ORNAMENT BEFORE DRESS
Every rule is a sign of weakness. A man needs no rules to make him eat, when he is hungry: and a law is a badge of disgrace. Yet we are able to console ourselves, from points of view which terminate in duty, order, and the like advantages.
I went into the Church to look for a poor man.
For the Lord has said that the Poor are his children, and I thought His children would live in His house.
But in the pews sat only Kings and Lords: at least all that sat there were dressed like Kings and Lords; and I could not find the man I looked for, who was in rags;—presently I saw the sexton refuse admission to a man; lo, it was my poor man, he had on rags, and the sexton said, "No ragged allowed."
O World, I wish there was room for a poet.
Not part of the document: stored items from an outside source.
(* Assume (C), (I) and (H). Then $Q^*\in\mathcal Q$ is a weak equilibrium if and only if $\Gamma^{Q^*}_i(Q^*_i)\ge\Gamma^{Q^*}_i(Q_i)$ for all $i\in S$ and all $Q\in\mathcal Q$.
   Context: Let $S=\{1,\dots,N\}$, $N\in\mathbb N$. For $i\in S$ let $E_i=\{q=(q_1,\dots,q_N)\in\mathbb R^N: q_j\ge0\text{ for }j\ne i,\ q_i=-\sum_{j\ne i}q_j\}$ and let $D_i\subseteq E_i$ be given. Let $\mathcal Q=\{Q\in\mathbb R^{N\times N}: Q_i\in D_i\ \forall i\in S\}$, where $Q_i$ is the $i$-th row of $Q$. For $Q\in\mathcal Q$, $X=(X_t)_{t\ge0}$ is a time-homogeneous continuous-time Markov chain on $S$ with generator $Q$, and $\mathbb E_{i,Q}$ is the expectation given $X_0=i$. A payoff function $f$ assigns a real number $f(t,i,\mathbf q)$ to each $t\ge0$, $i\in S$, $\mathbf q\in D_i$. Conditions: (C) $t\mapsto f(t,i,\mathbf q)$ is continuous on $[0,\infty)$ for each $i,\mathbf q$; (I) $\int_0^\infty\sup_{i\in S,\mathbf q\in D_i,\|\mathbf q\|\le c}|f(t,i,\mathbf q)|\,dt<\infty$ for every $c>0$; (H) there is a nonnegative function $h(t,\varepsilon;i,\mathbf q)$ with $|f(t+\varepsilon,i,\mathbf q)-f(t,i,\mathbf q)|\le h(t,\varepsilon;i,\mathbf q)$ for all $t\ge0,\varepsilon>0,i,\mathbf q$, $h$ nondecreasing in $\varepsilon$, $\lim_{\varepsilon\downarrow0}h=0$, and $\int_0^\infty h(t,\varepsilon;i,\mathbf q)dt<\infty$ for small $\varepsilon>0$. Define $F(i,Q)=\mathbb E_{i,Q}[\int_0^\infty f(t,X_t,Q_{X_t})dt]$ and $F(Q)=(F(1,Q),\dots,F(N,Q))$. For $Q,Q'\in\mathcal Q$, $\varepsilon>0$, $Q\otimes_\varepsilon Q'$ means $X$ evolves with generator $Q$ on $[0,\varepsilon]$ and $Q'$ on $(\varepsilon,\infty)$, and $F(i,Q\otimes_\varepsilon Q')$ is the corresponding expected payoff $\mathbb E_i[\int_0^\varepsilon f(t,X_t,Q_{X_t})dt+\int_\varepsilon^\infty f(t,X_t,Q'_{X_t})dt]$. $Q^*\in\mathcal Q$ is a weak equilibrium if $\liminf_{\varepsilon\downarrow0}\varepsilon^{-1}(F(i,Q^* )-F(i,Q\otimes_\varepsilon Q^* ))\ge0$ for all $Q\in\mathcal Q$, $i\in S$. For $Q^*\in\mathcal Q$, $i\in S$, $\mathbf q\in D_i$, $\Gamma^{Q^*}_i(\mathbf q)=f(0,i,\mathbf q)+\mathbf q\cdot F(Q^* )$. *)

theory Defs
  imports "HOL-Analysis.Analysis"
begin

text \<open>State space S = the finite type 'n (with N = CARD('n)). A generator Q is a
  matrix real^'n^'n, its i-th row is Q $ i.\<close>

definition Erow :: "'n::finite \<Rightarrow> (real^'n) set" where
  "Erow i = {q. (\<forall>j. j \<noteq> i \<longrightarrow> q $ j \<ge> 0) \<and> q $ i = - (\<Sum>j\<in>UNIV - {i}. q $ j)}"

definition admissible :: "('n::finite \<Rightarrow> (real^'n) set) \<Rightarrow> (real^'n^'n) set" where
  "admissible D = {Q. \<forall>i. Q $ i \<in> D i}"

fun mpow :: "real^'n::finite^'n \<Rightarrow> nat \<Rightarrow> real^'n^'n" where
  "mpow Q 0 = mat 1"
| "mpow Q (Suc n) = Q ** mpow Q n"

text \<open>Transition matrix P_t = exp(tQ) of the time-homogeneous Markov chain with generator Q:
  P_t(i,j) = Pr(X_t = j | X_0 = i).\<close>
definition trans :: "real^'n::finite^'n \<Rightarrow> real \<Rightarrow> real^'n^'n" where
  "trans Q t = (\<Sum>n. (t ^ n / fact n) *\<^sub>R mpow Q n)"

text \<open>F(i,Q) = E_{i,Q}[ int_0^oo f(t,X_t,Q_{X_t}) dt ], written via the transition matrices.\<close>
definition payoff :: "(real \<Rightarrow> 'n::finite \<Rightarrow> real^'n \<Rightarrow> real) \<Rightarrow> 'n \<Rightarrow> real^'n^'n \<Rightarrow> real" where
  "payoff f i Q = (LBINT t:{0..}. (\<Sum>j\<in>UNIV. trans Q t $ i $ j * f t j (Q $ j)))"

text \<open>F(i, Q \<otimes>_eps Q'): generator Q on [0,eps], Q' afterwards.\<close>
definition payoff_concat ::
  "(real \<Rightarrow> 'n::finite \<Rightarrow> real^'n \<Rightarrow> real) \<Rightarrow> 'n \<Rightarrow> real^'n^'n \<Rightarrow> real \<Rightarrow> real^'n^'n \<Rightarrow> real" where
  "payoff_concat f i Q eps Q' =
     (LBINT t:{0..eps}. (\<Sum>j\<in>UNIV. trans Q t $ i $ j * f t j (Q $ j)))
   + (LBINT t:{eps<..}. (\<Sum>j\<in>UNIV. (trans Q eps ** trans Q' (t - eps)) $ i $ j * f t j (Q' $ j)))"

definition weak_equilibrium ::
  "('n::finite \<Rightarrow> (real^'n) set) \<Rightarrow> (real \<Rightarrow> 'n \<Rightarrow> real^'n \<Rightarrow> real) \<Rightarrow> real^'n^'n \<Rightarrow> bool" where
  "weak_equilibrium D f Qs \<longleftrightarrow> Qs \<in> admissible D \<and>
     (\<forall>Q\<in>admissible D. \<forall>i.
        Liminf (at_right 0) (\<lambda>eps. ereal ((payoff f i Qs - payoff_concat f i Q eps Qs) / eps)) \<ge> 0)"

definition Gamma ::
  "(real \<Rightarrow> 'n::finite \<Rightarrow> real^'n \<Rightarrow> real) \<Rightarrow> real^'n^'n \<Rightarrow> 'n \<Rightarrow> real^'n \<Rightarrow> real" where
  "Gamma f Qs i q = f 0 i q + q \<bullet> (\<chi> j. payoff f j Qs)"

definition cond_C :: "('n::finite \<Rightarrow> (real^'n) set) \<Rightarrow> (real \<Rightarrow> 'n \<Rightarrow> real^'n \<Rightarrow> real) \<Rightarrow> bool" where
  "cond_C D f \<longleftrightarrow> (\<forall>i. \<forall>q\<in>D i. continuous_on {0..} (\<lambda>t. f t i q))"

definition cond_I :: "('n::finite \<Rightarrow> (real^'n) set) \<Rightarrow> (real \<Rightarrow> 'n \<Rightarrow> real^'n \<Rightarrow> real) \<Rightarrow> bool" where
  "cond_I D f \<longleftrightarrow> (\<forall>c>0.
     (\<integral>\<^sup>+ t. (SUP iq\<in>{(i,q). q \<in> D i \<and> norm q \<le> c}. ennreal \<bar>f t (fst iq) (snd iq)\<bar>)
        * indicator {0..} t \<partial>lborel) < \<infinity>)"

definition cond_H :: "('n::finite \<Rightarrow> (real^'n) set) \<Rightarrow> (real \<Rightarrow> 'n \<Rightarrow> real^'n \<Rightarrow> real) \<Rightarrow> bool" where
  "cond_H D f \<longleftrightarrow> (\<exists>h :: real \<Rightarrow> real \<Rightarrow> 'n \<Rightarrow> real^'n \<Rightarrow> real.
     (\<forall>t eps i q. t \<ge> 0 \<longrightarrow> eps > 0 \<longrightarrow> q \<in> D i \<longrightarrow>
        0 \<le> h t eps i q \<and> \<bar>f (t + eps) i q - f t i q\<bar> \<le> h t eps i q) \<and>
     (\<forall>t i q. t \<ge> 0 \<longrightarrow> q \<in> D i \<longrightarrow> mono_on {0<..} (\<lambda>eps. h t eps i q)) \<and>
     (\<forall>t i q. t \<ge> 0 \<longrightarrow> q \<in> D i \<longrightarrow> ((\<lambda>eps. h t eps i q) \<longlongrightarrow> 0) (at_right 0)) \<and>
     (\<forall>i. \<forall>q\<in>D i. \<exists>e0>0. \<forall>eps. 0 < eps \<and> eps < e0 \<longrightarrow>
        (\<integral>\<^sup>+ t. ennreal (h t eps i q) * indicator {0..} t \<partial>lborel) < \<infinity>))"
lemma (in group) pgroup_fixed_rcoset:
  assumes "Factorial_Ring.prime p" "order G = p ^ n" "subgroup H G" "H \<noteq> carrier G"
  shows "\<exists>x \<in> carrier G - H. \<forall>h \<in> H. H #> (x \<otimes> inv h) = H #> x"
proof -
  \<comment> \<open>\<open>H\<close> acts on its right cosets by conjugation, fixing \<open>H\<close> itself; the number of fixed
     cosets is \<open>\<equiv> [G:H] \<equiv> 0 (mod p)\<close>, so another one exists.\<close>
  define \<phi> where "\<phi> = (\<lambda>g. \<lambda>S \<in> {S. S \<subseteq> carrier G}. g <# S #> inv g)"
  interpret H_action: group_action "G\<lparr>carrier := H\<rparr>" "{S. S \<subseteq> carrier G}" \<phi>
    unfolding \<phi>_def by (rule group_action.induced_action[OF action_by_conjugation_on_power_set assms(3)])
  have Hs: "H \<subseteq> carrier G" using assms(3) subgroup.subset by blast
  have \<phi>_rcos: "\<phi> h (H #> x) = H #> (x \<otimes> inv h)" if "h \<in> H" "x \<in> carrier G" for h x
    using conjugate_rcos[OF assms(3) that] r_coset_subset_G[OF Hs that(2)] unfolding \<phi>_def by simp
  obtain k where k: "order (G\<lparr>carrier := H\<rparr>) = p ^ k"
    using pgroup_subgroup_card[OF assms(1,2,3)] unfolding order_def by auto
  define F where "F = {S \<in> rcosets H. orbit (G\<lparr>carrier := H\<rparr>) \<phi> S = {S}}"
  have "finite (carrier G)" using pgroup_finite[OF assms(1,2)] .
  then have fin: "finite (rcosets H)"
    unfolding RCOSETS_def by simp
  have "card F mod p = card (rcosets H) mod p"
    unfolding F_def
  proof (rule H_action.pgroup_card_fixed_points_mod[OF assms(1) k fin])
    show "rcosets H \<subseteq> {S. S \<subseteq> carrier G}"
      using r_coset_subset_G[OF Hs] unfolding RCOSETS_def by auto
    show "\<phi> h S \<in> rcosets H" if "h \<in> carrier (G\<lparr>carrier := H\<rparr>)" "S \<in> rcosets H" for h S
      using that \<phi>_rcos Hs unfolding RCOSETS_def by (auto intro!: bexI[of _ "_ \<otimes> inv h"])
  qed
  then have "p dvd card F"
    using pgroup_proper_subgroup_dvd_index[OF assms] by (simp add: mod_eq_0_iff_dvd)
  moreover have "H \<in> F"
  proof -
    have "\<phi> h H = H" if "h \<in> H" for h
      using \<phi>_rcos[OF that one_closed] coset_join2[OF _ assms(3)] subgroup.m_inv_closed[OF assms(3) that] Hs
      by (simp add: subset_iff)
    then have "orbit (G\<lparr>carrier := H\<rparr>) \<phi> H = {H}"
      unfolding orbit_def using subgroup.one_closed[OF assms(3)] by auto
    then show ?thesis
      unfolding F_def using rcosetsI[OF Hs one_closed] Hs by simp
  qed
  moreover have "finite F" using fin unfolding F_def by simp
  ultimately have "\<exists>S \<in> F. S \<noteq> H"
    by (metis prime_dvd_card_other_element[OF assms(1)])
  then obtain x where x: "x \<in> carrier G" "H #> x \<in> F" "H #> x \<noteq> H"
    unfolding F_def RCOSETS_def by auto
  have "x \<notin> H" using x coset_join2[OF _ assms(3)] by auto
  moreover have "H #> (x \<otimes> inv h) = H #> x" if "h \<in> H" for h
  proof -
    have "\<phi> h (H #> x) \<in> orbit (G\<lparr>carrier := H\<rparr>) \<phi> (H #> x)"
      unfolding orbit_def using that by auto
    then show ?thesis using x(2) \<phi>_rcos[OF that x(1)] unfolding F_def by simp
  qed
  ultimately show ?thesis using x(1) by blast
qed

lemma (in group) pgroup_subgroup_psubset_normalizer:
  assumes "Factorial_Ring.prime p" "order G = p ^ n" "subgroup H G" "H \<noteq> carrier G"
  shows "H \<subset> normalizer G H"
proof -
  have Hs: "H \<subseteq> carrier G" using assms(3) subgroup.subset by blast
  have finH: "finite H" using pgroup_finite[OF assms(1,2)] Hs finite_subset by blast
  obtain x where x: "x \<in> carrier G" "x \<notin> H" and fixed: "\<And>h. h \<in> H \<Longrightarrow> H #> (x \<otimes> inv h) = H #> x"
    using pgroup_fixed_rcoset[OF assms] by blast
  have "x \<otimes> h \<otimes> inv x \<in> H" if h: "h \<in> H" for h
  proof -
    have "H #> (x \<otimes> h) = H #> x"
      using fixed[OF subgroup.m_inv_closed[OF assms(3) h]] h Hs by (simp add: subset_iff)
    then have "x \<otimes> h \<in> H #> x"
      using rcos_self[OF _ assms(3)] x(1) h Hs by (metis m_closed subsetD)
    then show ?thesis using subgroup.rcos_module_imp[OF assms(3) is_group x(1)] by simp
  qed
  then have "x \<in> normalizer G H" using normalizerI[OF finH Hs x(1)] by blast
  moreover have "H \<subseteq> normalizer G H"
    using normalizerI[OF finH Hs] Hs subgroup.m_closed[OF assms(3)] subgroup.m_inv_closed[OF assms(3)]
    by (simp add: subset_iff)
  ultimately show ?thesis using x(2) by blast
qed

lemma (in group) pgroup_maximal_subgroup_normal:
  assumes "Factorial_Ring.prime p" "order G = p ^ n" "maximal_subgroup G M"
  shows "M \<lhd> G"
proof -
  have M: "subgroup M G" "M \<noteq> carrier G"
    using assms(3) unfolding maximal_subgroup_def by auto
  then have "normalizer G M = carrier G"
    using assms(3) pgroup_subgroup_psubset_normalizer[OF assms(1,2) M]
      normalizer_imp_subgroup[OF subgroup.subset[OF M(1)]]
    unfolding maximal_subgroup_def by blast
  then show ?thesis using normalizer_eq_carrier_imp_normal[OF M(1)] by blast
qed

lemma (in group) inv_commute:
  assumes "a \<in> carrier G" "y \<in> carrier G" "a \<otimes> y = y \<otimes> a"
  shows "inv a \<otimes> y = y \<otimes> inv a"
proof -
  have "inv a \<otimes> y = inv a \<otimes> (y \<otimes> a) \<otimes> inv a" using assms(1,2) by (simp add: m_assoc)
  also have "\<dots> = inv a \<otimes> (a \<otimes> y) \<otimes> inv a" using assms(3) by simp
  also have "\<dots> = y \<otimes> inv a" using assms(1,2) by (simp add: m_assoc[symmetric])
  finally show ?thesis .
qed

lemma (in group) centralizer_subgroup:
  assumes "S \<subseteq> carrier G"
  shows "subgroup (centralizer G S) G"
proof (rule subgroupI)
  show "centralizer G S \<subseteq> carrier G" unfolding centralizer_def by auto
  show "centralizer G S \<noteq> {}" using assms unfolding centralizer_def by (auto intro!: exI[of _ \<one>])
next
  fix a b assume a: "a \<in> centralizer G S" and b: "b \<in> centralizer G S"
  show "inv a \<in> centralizer G S"
    using a assms unfolding centralizer_def by (auto simp: subset_iff intro: inv_commute)
  show "a \<otimes> b \<in> centralizer G S"
    using a b assms unfolding centralizer_def by (auto simp: subset_iff m_assoc) (metis m_assoc)
qed

lemma centralizer_antimono: "S \<subseteq> T \<Longrightarrow> centralizer G T \<subseteq> centralizer G S"
  unfolding centralizer_def by blast

lemma subset_centralizer_centralizer:
  "S \<subseteq> carrier G \<Longrightarrow> S \<subseteq> centralizer G (centralizer G S)"
  unfolding centralizer_def by auto

lemma (in group) subgroup_eq_Int_set_mult:
  assumes "subgroup C G" "D \<subseteq> C" "C \<subseteq> M <#> D" "M \<subseteq> carrier G"
  shows "C = (C \<inter> M) <#> D"
proof
  show "(C \<inter> M) <#> D \<subseteq> C"
    using assms(2) subgroup.m_closed[OF assms(1)] unfolding set_mult_def by auto
  show "C \<subseteq> (C \<inter> M) <#> D"
  proof
    fix x assume x: "x \<in> C"
    then obtain m d where md: "m \<in> M" "d \<in> D" "x = m \<otimes> d"
      using assms(3) unfolding set_mult_def by auto
    have "d \<in> carrier G" "m \<in> carrier G" using md assms(1,2,4) subgroup.subset by blast+
    then have "m = x \<otimes> inv d" using md(3) by (simp add: m_assoc)
    then have "m \<in> C"
      using x md(2) assms(2) subgroup.m_closed[OF assms(1)] subgroup.m_inv_closed[OF assms(1)] by blast
    then show "x \<in> (C \<inter> M) <#> D" using md unfolding set_mult_def by blast
  qed
qed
In the time of David and of Isaiah, in the time of John and of Homer, there was room for a poet. In the time of Hyvernion and of Herve and of Omar Khayyam: in the time of Shakspere, was room in the world for a poet.
In the lily, the sunset, the mountain, the rosy hues of all life, it is easy to trace God. But it is in the dust that goes up from the unending Battle of Things that we lose Him. Forever thro' the ferocities of storms, the malice of the never-glutted oceans, the savagery of human wars, the inexorable barbarities of accident, of earthquake and mysterious Disease, one hears the voice of man crying, where art thou, my dear Lord and Master?
But oh, how can ye trifle away your time at trades and waste yourself in men's commerce, when ye might be here in the woods at commerce with great angels, all heaven at purchase for a song.
The United States in two hundred years has made Emerson out of a witch-burner.